O desmonte do “wokerismo”
É impressionante a velocidade com que as empresas vêm desmontando as chamadas
políticas de inclusão do chamado “wokerismo”. 2 Está ficando claro que, muitas delas
apoiaram esse movimento não por convicção, mas, com o propósito de conquistar a
simpatia do maior número possível de consumidores. 3 O importante era dar a publicidade
de estarem promovendo mulheres, negros, idosos, gays e outros grupos que, sem dúvida,
merecem toda consideração. Na verdade, essas empresas queriam evitar o
“cancelamento” ou “lacração” dos consumidores que alimentam os valores do
“wokerismo” – uma subcultura que insiste em considerar todas as diferenças como
resultantes da ação deliberada de “opressores” sobre “oprimidos”. Para tanto, foram
inventados um sem-número de termos para estigmatizar os considerados opressores –
machismo tóxico, dívida histórica, lugar de fala, etarismo, negacionismo, gordofobia, etc.

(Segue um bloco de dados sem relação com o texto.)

(* Let $s,r,R$ be positive integers and $\delta=(r+1)(R+1)-sr-1$. If $\delta\le 0$, then the ball $B(R)\subseteq\mathbb F_q^{s\times r}$ is $R$-closed with respect to the NRT metric; equivalently, for every $x\in\mathbb F_q^{s\times r}$ with $w(x)\ge R+1$ there is $c\in\mathbb F_q^{s\times r}$ with $d(c,x)\le R$ and $B(c,R)\cap B(R)=\emptyset$.
   Context: $q$ is a prime power, $\mathbb F_q^{s\times r}$ the set of $s\times r$ matrices over $\mathbb F_q$ with rows in $\mathbb F_q^{1\times r}$. For a row $y=(y_1,\dots,y_r)$, the NRT weight is $w(y)=\max\{j: y_j\neq 0\}$ if $y\neq0$ and $w(0)=0$; for a matrix, $w(x)=\sum_i w(x_i)$. The NRT metric is $d(x,y)=w(x-y)$; $B(c,R)=\{x: d(x,c)\le R\}$, $B(R)=B(0,R)$. A set is $R$-closed if its complement is a union of balls of radius $R$. *)

theory Defs
  imports Main
begin

text \<open>Matrices in F_q^{s x r} are represented as functions nat => nat => 'a
  (row index i < s, column index j < r, 0-based) vanishing outside the box.\<close>

definition mats :: "nat \<Rightarrow> nat \<Rightarrow> (nat \<Rightarrow> nat \<Rightarrow> 'a::zero) set" where
  "mats s r = {x. \<forall>i j. (s \<le> i \<or> r \<le> j) \<longrightarrow> x i j = 0}"

definition row_wt :: "nat \<Rightarrow> (nat \<Rightarrow> 'a::zero) \<Rightarrow> nat" where
  "row_wt r y = (if \<forall>j<r. y j = 0 then 0 else Suc (GREATEST j. j < r \<and> y j \<noteq> 0))"

definition nrt_wt :: "nat \<Rightarrow> nat \<Rightarrow> (nat \<Rightarrow> nat \<Rightarrow> 'a::zero) \<Rightarrow> nat" where
  "nrt_wt s r x = (\<Sum>i<s. row_wt r (x i))"

definition nrt_dist :: "nat \<Rightarrow> nat \<Rightarrow> (nat \<Rightarrow> nat \<Rightarrow> 'a::ab_group_add) \<Rightarrow> (nat \<Rightarrow> nat \<Rightarrow> 'a) \<Rightarrow> nat" where
  "nrt_dist s r x y = nrt_wt s r (\<lambda>i j. x i j - y i j)"

definition nrt_ball :: "nat \<Rightarrow> nat \<Rightarrow> (nat \<Rightarrow> nat \<Rightarrow> 'a::ab_group_add) \<Rightarrow> nat \<Rightarrow> (nat \<Rightarrow> nat \<Rightarrow> 'a) set" where
  "nrt_ball s r c R = {x \<in> mats s r. nrt_dist s r x c \<le> R}"

definition R_closed :: "nat \<Rightarrow> nat \<Rightarrow> nat \<Rightarrow> (nat \<Rightarrow> nat \<Rightarrow> 'a::ab_group_add) set \<Rightarrow> bool" where
  "R_closed s r R A \<longleftrightarrow> A \<subseteq> mats s r \<and>
     (\<exists>C \<subseteq> mats s r. mats s r - A = (\<Union>c\<in>C. nrt_ball s r c R))"

end

theory Submission
  imports Defs
begin

text \<open>Given x with w(x) \<ge> R + 1, choose a set A of rows with r |A| \<ge> R whose complement
  still carries weight at least R + 1, and spend a budget of R on the rows of A: a row with
  budget g is raised to weight at least g, at distance at most g, by adding a unit in column g.
  The resulting c satisfies d(c, x) \<le> R and w(c) \<ge> 2R + 1, so B(c, R) misses B(R) by the
  triangle inequality. The set A exists when \<delta> \<le> 0, i.e. when R \<le> r m for some m with
  R + 1 + m \<le> s: either the zero rows of x already suffice, or some m rows including all
  zero rows do, and then the remaining s - m \<ge> R + 1 rows are nonzero.\<close>

lemma row_wt_le_iff: "row_wt r u \<le> n \<longleftrightarrow> (\<forall>j<r. n \<le> j \<longrightarrow> u j = 0)"
proof (cases "\<forall>j<r. u j = 0")
  case True
  then show ?thesis by (simp add: row_wt_def)
next
  case False
  let ?P = "\<lambda>j. j < r \<and> u j \<noteq> 0"
  from False obtain j0 where "?P j0" by auto
  then have greatest: "?P (Greatest ?P)" and le_greatest: "\<And>j. ?P j \<Longrightarrow> j \<le> Greatest ?P"
    using GreatestI_nat[of ?P j0 r] Greatest_le_nat[of ?P _ r] by auto
  have "row_wt r u = Suc (Greatest ?P)"
    using False by (simp add: row_wt_def)
  then show ?thesis
    using greatest le_greatest by (auto simp: Suc_le_eq) (meson le_trans not_le)
qed

lemma less_row_wt: "j < r \<Longrightarrow> u j \<noteq> 0 \<Longrightarrow> j < row_wt r u"
  using row_wt_le_iff[of r u j] by (meson not_le order_refl)

lemma row_wt_zero [simp]: "row_wt r (\<lambda>j. 0) = 0"
  by (simp add: row_wt_def)

lemma row_wt_add_le:
  fixes a b :: "nat \<Rightarrow> 'a::monoid_add"
  shows "row_wt r (\<lambda>j. a j + b j) \<le> row_wt r a + row_wt r b"
  unfolding row_wt_le_iff
  using row_wt_le_iff[of r a "row_wt r a"] row_wt_le_iff[of r b "row_wt r b"] by simp

lemma row_wt_minus_commute:
  fixes a b :: "nat \<Rightarrow> 'a::ab_group_add"
  shows "row_wt r (\<lambda>j. a j - b j) = row_wt r (\<lambda>j. b j - a j)"
proof -
  have "row_wt r (\<lambda>j. a j - b j) \<le> n \<longleftrightarrow> row_wt r (\<lambda>j. b j - a j) \<le> n" for n
    unfolding row_wt_le_iff by (metis eq_iff_diff_eq_0)
  then show ?thesis by (meson order_antisym order_refl)
qed

lemma nrt_dist_commute: "nrt_dist s r x y = nrt_dist s r y x"
  unfolding nrt_dist_def nrt_wt_def by (rule sum.cong[OF refl row_wt_minus_commute])

lemma nrt_dist_zero_right [simp]: "nrt_dist s r x (\<lambda>i j. 0) = nrt_wt s r x"
  by (simp add: nrt_dist_def)

lemma nrt_dist_triangle:
  fixes x y z :: "nat \<Rightarrow> nat \<Rightarrow> 'a::ab_group_add"
  shows "nrt_dist s r x z \<le> nrt_dist s r x y + nrt_dist s r y z"
proof -
  have "row_wt r (\<lambda>j. x i j - z i j) \<le> row_wt r (\<lambda>j. x i j - y i j) + row_wt r (\<lambda>j. y i j - z i j)"
    for i
    using row_wt_add_le[of r "\<lambda>j. x i j - y i j" "\<lambda>j. y i j - z i j"] by simp
  then show ?thesis
    unfolding nrt_dist_def nrt_wt_def by (simp add: sum_mono flip: sum.distrib)
qed

lemma nrt_ball_disjoint:
  fixes c c' :: "nat \<Rightarrow> nat \<Rightarrow> 'a::ab_group_add"
  assumes "R + R' < nrt_dist s r c c'"
  shows "nrt_ball s r c R \<inter> nrt_ball s r c' R' = {}"
proof -
  have "\<not> (nrt_dist s r y c \<le> R \<and> nrt_dist s r y c' \<le> R')" for y
    using assms nrt_dist_triangle[of s r c c' y] nrt_dist_commute[of s r c y] by linarith
  then show ?thesis
    unfolding nrt_ball_def by (force simp: not_le[symmetric])
qed

lemma R_closedI:
  assumes "A \<subseteq> mats s r"
    and "\<forall>x \<in> mats s r - A. \<exists>c \<in> mats s r. nrt_dist s r c x \<le> R \<and> nrt_ball s r c R \<inter> A = {}"
  shows "R_closed s r R A"
proof -
  let ?C = "{c \<in> mats s r. nrt_ball s r c R \<inter> A = {}}"
  have "mats s r - A \<subseteq> (\<Union>c\<in>?C. nrt_ball s r c R)"
  proof
    fix x
    assume x: "x \<in> mats s r - A"
    with assms(2) obtain c where "c \<in> ?C" "nrt_dist s r c x \<le> R"
      by blast
    moreover have "nrt_dist s r x c = nrt_dist s r c x"
      by (rule nrt_dist_commute)
    ultimately show "x \<in> (\<Union>c\<in>?C. nrt_ball s r c R)"
      using x unfolding nrt_ball_def by auto
  qed
  moreover have "(\<Union>c\<in>?C. nrt_ball s r c R) \<subseteq> mats s r - A"
    unfolding nrt_ball_def by blast
  ultimately have "mats s r - A = (\<Union>c\<in>?C. nrt_ball s r c R)"
    by (rule subset_antisym)
  then show ?thesis
    unfolding R_closed_def by (intro conjI[OF assms(1)] exI[of _ ?C] conjI) auto
qed

lemma exists_sum_eq_bounded:
  assumes "finite A" and "n \<le> r * card A"
  shows "\<exists>g::nat \<Rightarrow> nat. (\<forall>i\<in>A. g i \<le> r) \<and> sum g A = n"
  using assms
proof (induction A arbitrary: n rule: finite_induct)
  case empty
  then show ?case by simp
next
  case (insert a F)
  have "n \<le> r + r * card F"
    using insert.prems insert.hyps by simp
  then have "n - min n r \<le> r * card F"
    by linarith
  with insert.IH obtain g where g: "\<forall>i\<in>F. g i \<le> r" "sum g F = n - min n r"
    by blast
  have "sum (g(a := min n r)) F = sum g F"
    using insert.hyps by (intro sum.cong) auto
  then have "sum (g(a := min n r)) (insert a F) = n"
    using g(2) insert.hyps by simp
  then show ?case
    using g(1) by (intro exI[of _ "g(a := min n r)"]) auto
qed

lemma exists_row_raise:
  fixes u :: "nat \<Rightarrow> 'a::ring_1"
  assumes "m \<le> r"
  shows "\<exists>v. (\<forall>j. r \<le> j \<longrightarrow> v j = u j) \<and> row_wt r (\<lambda>j. v j - u j) \<le> m
           \<and> m \<le> row_wt r v \<and> row_wt r u \<le> row_wt r v"
proof (cases "m \<le> row_wt r u")
  case True
  then show ?thesis by (intro exI[of _ u]) simp
next
  case False
  then have m: "0 < m" "m - 1 < r" "row_wt r u \<le> m - 1"
    using assms by linarith+
  define e where "e j = (if j = m - 1 then 1 else 0 :: 'a)" for j
  define v where "v j = u j + e j" for j
  have "u (m - 1) = 0"
    using m row_wt_le_iff[of r u "m - 1"] by blast
  then have "v (m - 1) \<noteq> 0"
    by (simp add: v_def e_def)
  then have "m \<le> row_wt r v"
    using less_row_wt[of "m - 1" r v] m by linarith
  moreover have "row_wt r (\<lambda>j. v j - u j) \<le> m"
    using m unfolding row_wt_le_iff by (simp add: v_def e_def)
  moreover have "\<forall>j. r \<le> j \<longrightarrow> v j = u j"
    using m by (simp add: v_def e_def)
  ultimately show ?thesis
    using m by (intro exI[of _ v]) simp
qed

lemma exists_center_raising_rows:
  fixes x :: "nat \<Rightarrow> nat \<Rightarrow> 'a::ring_1"
  assumes x: "x \<in> mats s r" and A: "A \<subseteq> {..<s}" and g: "\<forall>i\<in>A. g i \<le> r"
  shows "\<exists>c \<in> mats s r. nrt_dist s r c x \<le> sum g A
           \<and> sum g A + (\<Sum>i \<in> {..<s} - A. row_wt r (x i)) \<le> nrt_wt s r c"
proof -
  have "\<forall>i\<in>A. \<exists>w. (\<forall>j. r \<le> j \<longrightarrow> w j = x i j) \<and> row_wt r (\<lambda>j. w j - x i j) \<le> g i
      \<and> g i \<le> row_wt r w \<and> row_wt r (x i) \<le> row_wt r w"
    using exists_row_raise g by blast
  then obtain v where v: "\<forall>i\<in>A. (\<forall>j. r \<le> j \<longrightarrow> v i j = x i j) \<and> row_wt r (\<lambda>j. v i j - x i j) \<le> g i
      \<and> g i \<le> row_wt r (v i) \<and> row_wt r (x i) \<le> row_wt r (v i)"
    by (rule bchoice[THEN exE])
  define c where "c i = (if i \<in> A then v i else x i)" for i
  have "c \<in> mats s r"
    using x A v unfolding mats_def c_def by auto
  moreover have "nrt_dist s r c x \<le> (\<Sum>i<s. if i \<in> A then g i else 0)"
    unfolding nrt_dist_def nrt_wt_def using v by (intro sum_mono) (simp add: c_def)
  moreover have "(\<Sum>i<s. if i \<in> A then g i else row_wt r (x i)) \<le> nrt_wt s r c"
    unfolding nrt_wt_def using v by (intro sum_mono) (simp add: c_def)
  moreover have "{..<s} \<inter> A = A" "{..<s} \<inter> - A = {..<s} - A"
    using A by auto
  ultimately show ?thesis
    by (intro bexI[of _ c]) (simp_all add: sum.If_cases sum.inter_restrict)
qed

lemma exists_rows_to_raise:
  fixes k :: "nat \<Rightarrow> nat"
  assumes k: "R + 1 \<le> (\<Sum>i<s. k i)" and s: "R + 1 + m \<le> s" and m: "R \<le> r * m"
  shows "\<exists>A \<subseteq> {..<s}. R \<le> r * card A \<and> R + 1 \<le> (\<Sum>i \<in> {..<s} - A. k i)"
proof -
  define Z where "Z = {i \<in> {..<s}. k i = 0}"
  have Z: "Z \<subseteq> {..<s}" "finite Z"
    by (auto simp: Z_def)
  show ?thesis
  proof (cases "m \<le> card Z")
    case True
    have "sum k {..<s} = sum k ({..<s} - Z) + sum k Z"
      using Z by (intro sum.subset_diff) auto
    moreover have "sum k Z = 0"
      by (simp add: Z_def)
    ultimately have "R + 1 \<le> (\<Sum>i \<in> {..<s} - Z. k i)"
      using k by simp
    moreover have "R \<le> r * card Z"
      using True m by (meson le_trans mult_le_mono2)
    ultimately show ?thesis
      using Z by blast
  next
    case False
    have "m - card Z \<le> card ({..<s} - Z)"
      using Z s by (simp add: card_Diff_subset)
    then obtain T where T: "T \<subseteq> {..<s} - Z" "card T = m - card Z"
      by (meson obtain_subset_with_card_n)
    define A where "A = Z \<union> T"
    have "card A = card Z + card T"
      unfolding A_def using Z T finite_subset[OF T(1)] by (intro card_Un_disjoint) auto
    then have A: "A \<subseteq> {..<s}" "card A = m"
      using Z T False by (auto simp: A_def)
    have "of_nat (card ({..<s} - A)) * 1 \<le> (\<Sum>i \<in> {..<s} - A. k i)"
      by (rule sum_bounded_below) (auto simp: A_def Z_def)
    moreover have "card ({..<s} - A) = s - m"
      using A finite_subset[OF A(1)] by (simp add: card_Diff_subset)
    ultimately show ?thesis
      using A s m by (intro exI[of _ A]) auto
  qed
qed

lemma exists_far_center:
  fixes x :: "nat \<Rightarrow> nat \<Rightarrow> 'a::ring_1"
  assumes s: "R + 1 + m \<le> s" and m: "R \<le> r * m"
    and x: "x \<in> mats s r" "R + 1 \<le> nrt_wt s r x"
  shows "\<exists>c \<in> mats s r. nrt_dist s r c x \<le> R \<and> 2 * R + 1 \<le> nrt_wt s r c"
proof -
  obtain A where A: "A \<subseteq> {..<s}" "R \<le> r * card A"
    and rest: "R + 1 \<le> (\<Sum>i \<in> {..<s} - A. row_wt r (x i))"
    using exists_rows_to_raise[OF _ s m] x(2) unfolding nrt_wt_def by blast
  obtain g where g: "\<forall>i\<in>A. g i \<le> r" "sum g A = R"
    using exists_sum_eq_bounded[OF finite_subset[OF A(1)] A(2)] by blast
  show ?thesis
    using exists_center_raising_rows[OF x(1) A(1) g(1)] g(2) rest by fastforce
qed

lemma delta_nonpos_imp_spare_rows:
  fixes s r R :: nat
  assumes "r > 0" and "(int r + 1) * (int R + 1) - int s * int r - 1 \<le> 0"
  obtains m where "R + 1 + m \<le> s" and "R \<le> r * m"
proof -
  have h: "r * R + r + R \<le> r * s"
    using assms(2) by (simp add: algebra_simps flip: of_nat_mult of_nat_add)
  have "R + 1 \<le> s"
  proof (rule ccontr)
    assume "\<not> R + 1 \<le> s"
    then have "r * s \<le> r * R"
      by simp
    then show False
      using h assms(1) by linarith
  qed
  moreover have "r * (s - R - 1) = r * s - (r * R + r)"
    by (simp add: diff_mult_distrib2)
  ultimately show ?thesis
    using h that[of "s - R - 1"] by linarith
qed

theorem mainTheorem6:
  fixes s r R :: nat
  assumes "s > 0" and "r > 0" and "R > 0"
    and "(int r + 1) * (int R + 1) - int s * int r - 1 \<le> 0"
  shows "R_closed s r R (nrt_ball s r (\<lambda>i j. 0 :: 'a::{finite,field}) R)
    \<and> (\<forall>x \<in> mats s r. nrt_wt s r x \<ge> R + 1 \<longrightarrow>
         (\<exists>c \<in> mats s r. nrt_dist s r c x \<le> R
            \<and> nrt_ball s r c R \<inter> nrt_ball s r (\<lambda>i j. 0 :: 'a) R = {}))"
proof -
  let ?B0 = "nrt_ball s r (\<lambda>i j. 0 :: 'a) R"
  have far: "\<exists>c \<in> mats s r. nrt_dist s r c x \<le> R \<and> nrt_ball s r c R \<inter> ?B0 = {}"
    if x: "x \<in> mats s r" "R + 1 \<le> nrt_wt s r x" for x
  proof -
    obtain m where "R + 1 + m \<le> s" "R \<le> r * m"
      using delta_nonpos_imp_spare_rows[OF assms(2,4)] .
    then obtain c where "c \<in> mats s r" "nrt_dist s r c x \<le> R" "2 * R + 1 \<le> nrt_wt s r c"
      using exists_far_center x by blast
    then show ?thesis
      using nrt_ball_disjoint[of R R s r c "\<lambda>i j. 0"] by auto
  qed
  moreover have "R_closed s r R ?B0"
  proof (rule R_closedI)
    show "?B0 \<subseteq> mats s r"
      by (auto simp: nrt_ball_def)
    show "\<forall>x \<in> mats s r - ?B0. \<exists>c \<in> mats s r. nrt_dist s r c x \<le> R \<and> nrt_ball s r c R \<inter> ?B0 = {}"
      using far by (auto simp: nrt_ball_def not_le Suc_le_eq)
  qed
  ultimately show ?thesis by blast
qed

end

Está evidente que o objetivo fundamental daquelas empresas era o de agradar o grande
público, – e não a verdadeira promoção dos grupos vulneráveis. Em muitas delas os
profissionais de RH recebiam ordens superiores para contratar mulher ou negro “o mais
urgente possível” como estavam fazendo os concorrentes que vinham sendo
contemplados com belas notícias pela grande imprensa”. 4
Que fique bem claro o posicionamento dos autores deste ensaio. Em um país de tantas desigualdades, é imperioso que se implementem medidas que atenuem o sofrimento dos
grupos mais frágeis, mas, sem que sejam retaliações aos demais grupos. Esse é o
propósito das políticas públicas como, por exemplo, o Bolsa Família, Benefício de
Prestação Continuada; as proteções dos Estatutos da Igualdade Racial, da Criança e do
Adolescente, da Pessoa com Deficiência, do Idoso e vários diplomas legais que formam a
rede de proteção social do país aos quais damos todo apoio. Entretando, temos sérias
reservas em relação aos grupos formados por pessoas que se sentem ungidas se
autodefinem como “oprimidas” e rotulam as demais como “opressoras” e responsáveis
pelos seus problemas. Com isso, estabelece-se um ambiente de agressões e conflitos
com forte repercussão na sociedade. Isso porque o identitarismo da subcultura “woke”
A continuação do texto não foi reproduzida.